Smart Clot: An Automated Point-of-Care Flow Assay for Quantitative Whole-Blood Platelet, Fibrin and Thrombus Kinetics

Hemostasis depends on the coordinated interaction between platelets, coagulation factors, endothelium and shear forces. Current point-of-care (POC) assays evaluate isolated components of haemostasis or operate under nearly static conditions, limiting their ability to reproduce physiological thrombus formation. In this study, we performed the technical validation of Smart Clot, a fully automated, microfluidic POC platform that quantifies platelet aggregation, fibrin formation, and total thrombus growth under controlled arterial shear using unmodified whole blood. Recalcified citrated blood was perfused over collagen at \( \dot{\gamma} \)w = 300 s⁻¹. Dual-channel epifluorescence microscopy acquired platelet and fibrin(ogen) signals at 1 frame per second. Integrated Density time-series were fitted with a five-parameter logistic model; first derivatives and their integrals yielded standardized pseudo-volumes for platelets, fibrin, and total thrombus. Sixty-two healthy donors established reference distributions; one-hundred-thirteen patients on antithrombotic therapy assessed pharmacodynamic sensitivity. Platelets-derived parameters were approximately normally distributed, whereas fibrin(ogen) and total-thrombus values followed log-normal patterns. Anticoagulants and antiplatelet agents produced graded, mechanism-consistent inhibition of all thrombus components.

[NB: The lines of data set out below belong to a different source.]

(* Let $S$ be an idempotent semiring satisfying the identity $x+xyx+x\approx x$. Then the relation $\sigma$ on $S$ defined by $a\,\sigma\, b$ if and only if $aba=aba+a+aba$ and $bab=bab+b+bab$ is itself the least distributive lattice congruence on $S$.
   Context: An idempotent semiring is an algebra $(S,+,\cdot)$ with two binary operations such that $(S,+)$ and $(S,\cdot)$ are bands (associative, with $x+x=x$ and $xx=x$), and both distributive laws $x(y+z)=xy+xz$ and $(x+y)z=xz+yz$ hold; addition is not assumed commutative. A distributive lattice congruence on $S$ is a congruence $\rho$ such that $S/\rho$ is a distributive lattice, i.e. $S/\rho$ satisfies $x+y\approx y+x$, $xy\approx yx$ and $x+xy\approx x$. *)

theory Defs
  imports Main
begin

definition idempotent_semiring :: "('a \<Rightarrow> 'a \<Rightarrow> 'a) \<Rightarrow> ('a \<Rightarrow> 'a \<Rightarrow> 'a) \<Rightarrow> bool" where
  "idempotent_semiring add mul \<longleftrightarrow>
     (\<forall>x y z. add (add x y) z = add x (add y z)) \<and> (\<forall>x. add x x = x) \<and>
     (\<forall>x y z. mul (mul x y) z = mul x (mul y z)) \<and> (\<forall>x. mul x x = x) \<and>
     (\<forall>x y z. mul x (add y z) = add (mul x y) (mul x z)) \<and>
     (\<forall>x y z. mul (add x y) z = add (mul x z) (mul y z))"

definition semiring_congruence :: "('a \<Rightarrow> 'a \<Rightarrow> 'a) \<Rightarrow> ('a \<Rightarrow> 'a \<Rightarrow> 'a) \<Rightarrow> ('a \<Rightarrow> 'a \<Rightarrow> bool) \<Rightarrow> bool" where
  "semiring_congruence add mul r \<longleftrightarrow>
     equivp r \<and>
     (\<forall>a b c d. r a b \<and> r c d \<longrightarrow> r (add a c) (add b d)) \<and>
     (\<forall>a b c d. r a b \<and> r c d \<longrightarrow> r (mul a c) (mul b d))"

text \<open>A distributive lattice congruence: a congruence whose quotient satisfies
x+y = y+x, xy = yx, x + xy = x (identities checked on representatives).\<close>
definition dl_congruence :: "('a \<Rightarrow> 'a \<Rightarrow> 'a) \<Rightarrow> ('a \<Rightarrow> 'a \<Rightarrow> 'a) \<Rightarrow> ('a \<Rightarrow> 'a \<Rightarrow> bool) \<Rightarrow> bool" where
  "dl_congruence add mul r \<longleftrightarrow>
     semiring_congruence add mul r \<and>
     (\<forall>x y. r (add x y) (add y x)) \<and>
     (\<forall>x y. r (mul x y) (mul y x)) \<and>
     (\<forall>x y. r (add x (mul x y)) x)"

end

theory Submission
  imports Defs
begin

text \<open>
  Write \<open>x \<le> y\<close> for \<open>y + x + y = y\<close>, the natural preorder of the additive band; it is
  compatible with both operations and the identity says \<open>xyx \<le> x\<close>. Modulo the equivalence
  \<open>D\<close> of this preorder the multiplicative reduct is again a band, and \<open>\<sigma>\<close> is Green's
  \<open>J\<close>-relation of that band: \<open>a \<sigma> b\<close> iff \<open>aba D a\<close> and \<open>bab D b\<close>. The \<open>J\<close>-relation of a
  band is a congruence with commutative quotient; compatibility with addition and the
  absorption law \<open>x + xy \<sigma> x\<close> then follow from monotonicity of \<open>\<le>\<close> and \<open>xyx \<le> x\<close>.
  Conversely, a distributive lattice congruence \<open>\<rho>\<close> identifies \<open>aba\<close> with \<open>ab\<close>, so
  \<open>aba = aba + a + aba\<close> gives \<open>ab \<rho> ab + a + ab \<rho> a + ab \<rho> a\<close>; hence
  \<open>a \<rho> ab \<rho> ba \<rho> b\<close>.
\<close>

locale band_mod =
  fixes mult :: "'a \<Rightarrow> 'a \<Rightarrow> 'a" (infixr "\<cdot>" 70)
    and R :: "'a \<Rightarrow> 'a \<Rightarrow> bool"
  assumes mult_assoc: "(x \<cdot> y) \<cdot> z = x \<cdot> y \<cdot> z"
    and mult_idem: "x \<cdot> x = x"
    and equivp_R: "equivp R"
    and R_mult_left: "R x y \<Longrightarrow> R (z \<cdot> x) (z \<cdot> y)"
    and R_mult_right: "R x y \<Longrightarrow> R (x \<cdot> z) (y \<cdot> z)"
begin

lemma R_refl: "R x x"
  using equivp_R by (rule equivp_reflp)

lemma R_sym: "R x y \<Longrightarrow> R y x"
  using equivp_R by (rule equivp_symp)

lemma R_trans: "R x y \<Longrightarrow> R y z \<Longrightarrow> R x z"
  using equivp_R by (rule equivp_transp)

text \<open>\<open>absorbs y x\<close> says that \<open>y\<close> lies \<open>J\<close>-below \<open>x\<close> in the band of \<open>R\<close>-classes.\<close>

definition absorbs :: "'a \<Rightarrow> 'a \<Rightarrow> bool" where
  "absorbs y x \<longleftrightarrow> R (y \<cdot> x \<cdot> y) y"

definition absorb_equiv :: "'a \<Rightarrow> 'a \<Rightarrow> bool" where
  "absorb_equiv x y \<longleftrightarrow> absorbs x y \<and> absorbs y x"

lemma absorbs_refl: "absorbs x x"
  by (simp add: absorbs_def mult_idem R_refl)

lemma absorbs_if_R: "R x y \<Longrightarrow> absorbs y x"
  unfolding absorbs_def using R_mult_left[OF R_mult_right, of x y y y]
  by (simp add: mult_assoc mult_idem)

lemma absorbs_trans:
  assumes uv: "absorbs u v" and vw: "absorbs v w"
  shows "absorbs u w"
proof -
  have "R (u \<cdot> v \<cdot> w \<cdot> v \<cdot> u) (u \<cdot> v \<cdot> u)"
    using R_mult_left[OF R_mult_right, OF vw[unfolded absorbs_def]] by (simp add: mult_assoc)
  then have uvwvu: "R (u \<cdot> v \<cdot> w \<cdot> v \<cdot> u) u"
    using uv unfolding absorbs_def by (rule R_trans)
  have "u \<cdot> v \<cdot> w \<cdot> v \<cdot> u = (u \<cdot> v \<cdot> w \<cdot> v \<cdot> u) \<cdot> w \<cdot> v \<cdot> u"
    by (metis mult_assoc mult_idem)
  with R_mult_right[OF uvwvu, of "w \<cdot> v \<cdot> u"] have "R (u \<cdot> v \<cdot> w \<cdot> v \<cdot> u) (u \<cdot> w \<cdot> v \<cdot> u)"
    by (simp add: mult_assoc)
  with uvwvu have uwvu: "R (u \<cdot> w \<cdot> v \<cdot> u) u"
    by (metis R_sym R_trans)
  have "R (u \<cdot> w \<cdot> u \<cdot> w \<cdot> v \<cdot> u) (u \<cdot> w \<cdot> u)"
    using R_mult_left[OF uwvu, of "u \<cdot> w"] by (simp add: mult_assoc)
  moreover have "u \<cdot> w \<cdot> u \<cdot> w \<cdot> v \<cdot> u = u \<cdot> w \<cdot> v \<cdot> u"
    by (metis mult_assoc mult_idem)
  ultimately show ?thesis
    unfolding absorbs_def using uwvu by (metis R_sym R_trans)
qed

lemma absorbs_mult_factor_left: "absorbs (x \<cdot> y) x"
  unfolding absorbs_def by (metis R_refl mult_assoc mult_idem)

lemma absorbs_mult_factor_right: "absorbs (x \<cdot> y) y"
  unfolding absorbs_def by (metis R_refl mult_assoc mult_idem)

lemma absorbs_mult:
  assumes uv: "absorbs u v" and uw: "absorbs u w"
  shows "absorbs u (v \<cdot> w)"
proof -
  have "absorbs (u \<cdot> v) w"
    using absorbs_mult_factor_left uw by (rule absorbs_trans)
  then have "R (u \<cdot> v \<cdot> w \<cdot> u \<cdot> v \<cdot> u) (u \<cdot> v \<cdot> u)"
    unfolding absorbs_def using R_mult_right[of _ _ u] by (metis mult_assoc)
  moreover have "R (u \<cdot> v \<cdot> w \<cdot> u) (u \<cdot> v \<cdot> w \<cdot> u \<cdot> v \<cdot> u)"
    using R_mult_left[OF R_sym[OF uv[unfolded absorbs_def]], of "u \<cdot> v \<cdot> w"]
    by (simp add: mult_assoc)
  ultimately show ?thesis
    using uv unfolding absorbs_def by (metis R_trans mult_assoc)
qed

lemma absorbs_mult_mono:
  assumes "absorbs a b" and "absorbs c d"
  shows "absorbs (a \<cdot> c) (b \<cdot> d)"
  using absorbs_trans[OF absorbs_mult_factor_left assms(1)]
    absorbs_trans[OF absorbs_mult_factor_right assms(2)]
  by (rule absorbs_mult)

lemma equivp_absorb_equiv: "equivp absorb_equiv"
  by (rule equivpI) (auto simp: reflp_def symp_def transp_def absorb_equiv_def
      intro: absorbs_refl absorbs_trans)

lemma absorb_equiv_mult:
  "absorb_equiv a b \<Longrightarrow> absorb_equiv c d \<Longrightarrow> absorb_equiv (a \<cdot> c) (b \<cdot> d)"
  by (simp add: absorb_equiv_def absorbs_mult_mono)

lemma absorb_equiv_if_R: "R x y \<Longrightarrow> absorb_equiv x y"
  by (simp add: absorb_equiv_def absorbs_if_R R_sym)

lemma absorb_equiv_commute: "absorb_equiv (x \<cdot> y) (y \<cdot> x)"
  by (simp add: absorb_equiv_def absorbs_mult absorbs_mult_factor_left absorbs_mult_factor_right)

end

locale idem_semiring =
  fixes add :: "'a \<Rightarrow> 'a \<Rightarrow> 'a" (infixr "\<oplus>" 65)
    and mul :: "'a \<Rightarrow> 'a \<Rightarrow> 'a" (infixr "\<otimes>" 70)
  assumes idempotent_semiring: "idempotent_semiring add mul"
begin

lemma add_assoc: "(x \<oplus> y) \<oplus> z = x \<oplus> y \<oplus> z"
  and add_idem: "x \<oplus> x = x"
  and mul_assoc: "(x \<otimes> y) \<otimes> z = x \<otimes> y \<otimes> z"
  and mul_idem: "x \<otimes> x = x"
  and distrib_left: "x \<otimes> (y \<oplus> z) = x \<otimes> y \<oplus> x \<otimes> z"
  and distrib_right: "(x \<oplus> y) \<otimes> z = x \<otimes> z \<oplus> y \<otimes> z"
  using idempotent_semiring unfolding idempotent_semiring_def by blast+

sublocale A: band_mod add "(=)"
  by unfold_locales (simp_all add: add_assoc add_idem identity_equivp)

lemma A_absorbs_mult_left: "A.absorbs y x \<Longrightarrow> A.absorbs (z \<otimes> y) (z \<otimes> x)"
  unfolding A.absorbs_def by (simp add: distrib_left[symmetric])

lemma A_absorbs_mult_right: "A.absorbs y x \<Longrightarrow> A.absorbs (y \<otimes> z) (x \<otimes> z)"
  unfolding A.absorbs_def by (simp add: distrib_right[symmetric])

lemma A_absorbs_mult_mono:
  assumes "A.absorbs a b" and "A.absorbs c d"
  shows "A.absorbs (a \<otimes> c) (b \<otimes> d)"
  using A_absorbs_mult_right[OF assms(1)] A_absorbs_mult_left[OF assms(2)]
  by (rule A.absorbs_trans)

sublocale M: band_mod mul A.absorb_equiv
  by unfold_locales
    (auto simp: mul_assoc mul_idem A.equivp_absorb_equiv A.absorb_equiv_def
      A_absorbs_mult_left A_absorbs_mult_right)

context
  fixes \<rho> :: "'a \<Rightarrow> 'a \<Rightarrow> bool"
  assumes \<rho>: "dl_congruence add mul \<rho>"
begin

lemma dl_congruence_mul_sandwich:
  assumes "A.absorbs (a \<otimes> b \<otimes> a) a"
  shows "\<rho> a (a \<otimes> b)"
proof -
  have equiv: "equivp \<rho>"
    and add: "\<And>x y z w. \<rho> x y \<Longrightarrow> \<rho> z w \<Longrightarrow> \<rho> (x \<oplus> z) (y \<oplus> w)"
    and mul: "\<And>x y z w. \<rho> x y \<Longrightarrow> \<rho> z w \<Longrightarrow> \<rho> (x \<otimes> z) (y \<otimes> w)"
    and add_commute: "\<And>x y. \<rho> (x \<oplus> y) (y \<oplus> x)"
    and mul_commute: "\<And>x y. \<rho> (x \<otimes> y) (y \<otimes> x)"
    and absorption: "\<And>x y. \<rho> (x \<oplus> x \<otimes> y) x"
    using \<rho> unfolding dl_congruence_def semiring_congruence_def by blast+
  note refl = equivp_reflp[OF equiv] and trans = equivp_transp[OF equiv]
  have aba: "\<rho> (a \<otimes> b \<otimes> a) (a \<otimes> b)"
    using mul[OF refl mul_commute, of a b a] by (simp add: mul_assoc[symmetric] mul_idem)
  have "\<rho> (a \<otimes> b \<otimes> a \<oplus> a \<oplus> a \<otimes> b \<otimes> a) (a \<otimes> b \<oplus> a \<oplus> a \<otimes> b)"
    using add[OF aba add[OF refl aba]] .
  moreover have "\<rho> (a \<otimes> b \<oplus> a \<oplus> a \<otimes> b) (a \<oplus> a \<otimes> b)"
    using add[OF add_commute refl, of "a \<otimes> b" a "a \<otimes> b"] by (simp add: add_assoc add_idem)
  ultimately have "\<rho> (a \<otimes> b \<otimes> a \<oplus> a \<oplus> a \<otimes> b \<otimes> a) a"
    using absorption trans by blast
  then have "\<rho> (a \<otimes> b \<otimes> a) a"
    using assms by (simp add: A.absorbs_def)
  then show ?thesis
    using aba trans equivp_symp[OF equiv] by blast
qed

lemma dl_congruence_if_absorb_equiv:
  assumes "M.absorb_equiv a b"
  shows "\<rho> a b"
proof -
  have "\<rho> a (a \<otimes> b)" and "\<rho> b (b \<otimes> a)"
    using assms unfolding M.absorb_equiv_def M.absorbs_def A.absorb_equiv_def
    by (auto intro: dl_congruence_mul_sandwich)
  moreover have "\<rho> (a \<otimes> b) (b \<otimes> a)"
    using \<rho> unfolding dl_congruence_def by blast
  ultimately show ?thesis
    using \<rho> unfolding dl_congruence_def semiring_congruence_def
    by (meson equivp_symp equivp_transp)
qed

end

end

locale idem_semiring_sandwich = idem_semiring +
  assumes add_sandwich: "x \<oplus> x \<otimes> y \<otimes> x \<oplus> x = x"
begin

lemma A_absorbs_sandwich: "A.absorbs x (x \<otimes> y \<otimes> x)"
  by (simp add: A.absorbs_def add_sandwich)

lemma M_absorbs_iff: "M.absorbs a b \<longleftrightarrow> a \<otimes> b \<otimes> a = a \<otimes> b \<otimes> a \<oplus> a \<oplus> a \<otimes> b \<otimes> a"
  unfolding M.absorbs_def A.absorb_equiv_def using A_absorbs_sandwich
  by (auto simp: A.absorbs_def)

lemma M_absorbs_add_mono:
  assumes ab: "M.absorbs a b" and cd: "M.absorbs c d"
  shows "M.absorbs (a \<oplus> c) (b \<oplus> d)"
proof -
  let ?p = "(a \<oplus> c) \<otimes> (b \<oplus> d) \<otimes> (a \<oplus> c)"
  have "A.absorbs ?p (a \<otimes> b \<otimes> a)" and "A.absorbs ?p (c \<otimes> d \<otimes> c)"
    by (intro A_absorbs_mult_mono A.absorbs_mult_factor_left A.absorbs_mult_factor_right)+
  moreover have "A.absorbs (a \<otimes> b \<otimes> a) a" and "A.absorbs (c \<otimes> d \<otimes> c) c"
    using ab cd by (simp_all add: M.absorbs_def A.absorb_equiv_def)
  ultimately have "A.absorbs ?p (a \<oplus> c)"
    by (meson A.absorbs_mult A.absorbs_trans)
  then show ?thesis
    by (simp add: M.absorbs_def A.absorb_equiv_def A_absorbs_sandwich)
qed

lemma M_absorb_equiv_add:
  "M.absorb_equiv a b \<Longrightarrow> M.absorb_equiv c d \<Longrightarrow> M.absorb_equiv (a \<oplus> c) (b \<oplus> d)"
  by (simp add: M.absorb_equiv_def M_absorbs_add_mono)

lemma M_absorb_equiv_absorption: "M.absorb_equiv (x \<oplus> x \<otimes> y) x"
proof -
  have "x \<otimes> (x \<oplus> x \<otimes> y) = x \<oplus> x \<otimes> y"
    by (simp add: distrib_left mul_idem mul_assoc[symmetric])
  then have "(x \<oplus> x \<otimes> y) \<otimes> x \<otimes> (x \<oplus> x \<otimes> y) = x \<oplus> x \<otimes> y"
    by (simp add: mul_idem mul_assoc[symmetric])
  then have "M.absorbs (x \<oplus> x \<otimes> y) x"
    by (simp add: M.absorbs_def M.R_refl)
  moreover have "x \<otimes> (x \<oplus> x \<otimes> y) \<otimes> x = x \<oplus> x \<otimes> y \<otimes> x"
    by (simp add: distrib_left distrib_right mul_idem mul_assoc[symmetric])
  moreover have "A.absorb_equiv (x \<oplus> x \<otimes> y \<otimes> x) x"
    by (simp add: A.absorb_equiv_def A.absorbs_mult_factor_left A.absorbs_mult
        A.absorbs_refl A_absorbs_sandwich)
  ultimately show ?thesis
    by (simp add: M.absorb_equiv_def M.absorbs_def)
qed

lemma dl_congruence_M_absorb_equiv: "dl_congruence add mul M.absorb_equiv"
  unfolding dl_congruence_def semiring_congruence_def
  using M.equivp_absorb_equiv M_absorb_equiv_add M.absorb_equiv_mult
    M.absorb_equiv_if_R[OF A.absorb_equiv_commute] M.absorb_equiv_commute
    M_absorb_equiv_absorption
  by blast

end

theorem theorem2p5:
  fixes add mul :: "'a \<Rightarrow> 'a \<Rightarrow> 'a"
  assumes "idempotent_semiring add mul"
    and "\<forall>x y. add (add x (mul (mul x y) x)) x = x"
  defines "\<sigma> \<equiv> (\<lambda>a b.
      mul (mul a b) a = add (add (mul (mul a b) a) a) (mul (mul a b) a) \<and>
      mul (mul b a) b = add (add (mul (mul b a) b) b) (mul (mul b a) b))"
  shows "dl_congruence add mul \<sigma> \<and> (\<forall>\<rho>. dl_congruence add mul \<rho> \<longrightarrow> (\<forall>a b. \<sigma> a b \<longrightarrow> \<rho> a b))"
proof -
  interpret idem_semiring_sandwich add mul
    using assms(1,2) by unfold_locales (simp_all add: idempotent_semiring_def)
  have "\<sigma> = M.absorb_equiv"
    unfolding \<sigma>_def M.absorb_equiv_def M_absorbs_iff by (simp add: mul_assoc add_assoc)
  then show ?thesis
    using dl_congruence_M_absorb_equiv dl_congruence_if_absorb_equiv by blast
qed

end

Cardiopulmonary-bypass samples showed profound but transient suppression of platelet and fibrin activity. Across activity ranges, multiple statistical assessments supported high analytical repeatability. Smart Clot provides rapid, reproducible, flow-aware quantification of platelet–fibrin dynamics, capturing pharmacological modulation and peri-operative impairment with high sensitivity. These results support its potential as a next-generation POC assay for physiological hemostasis assessment.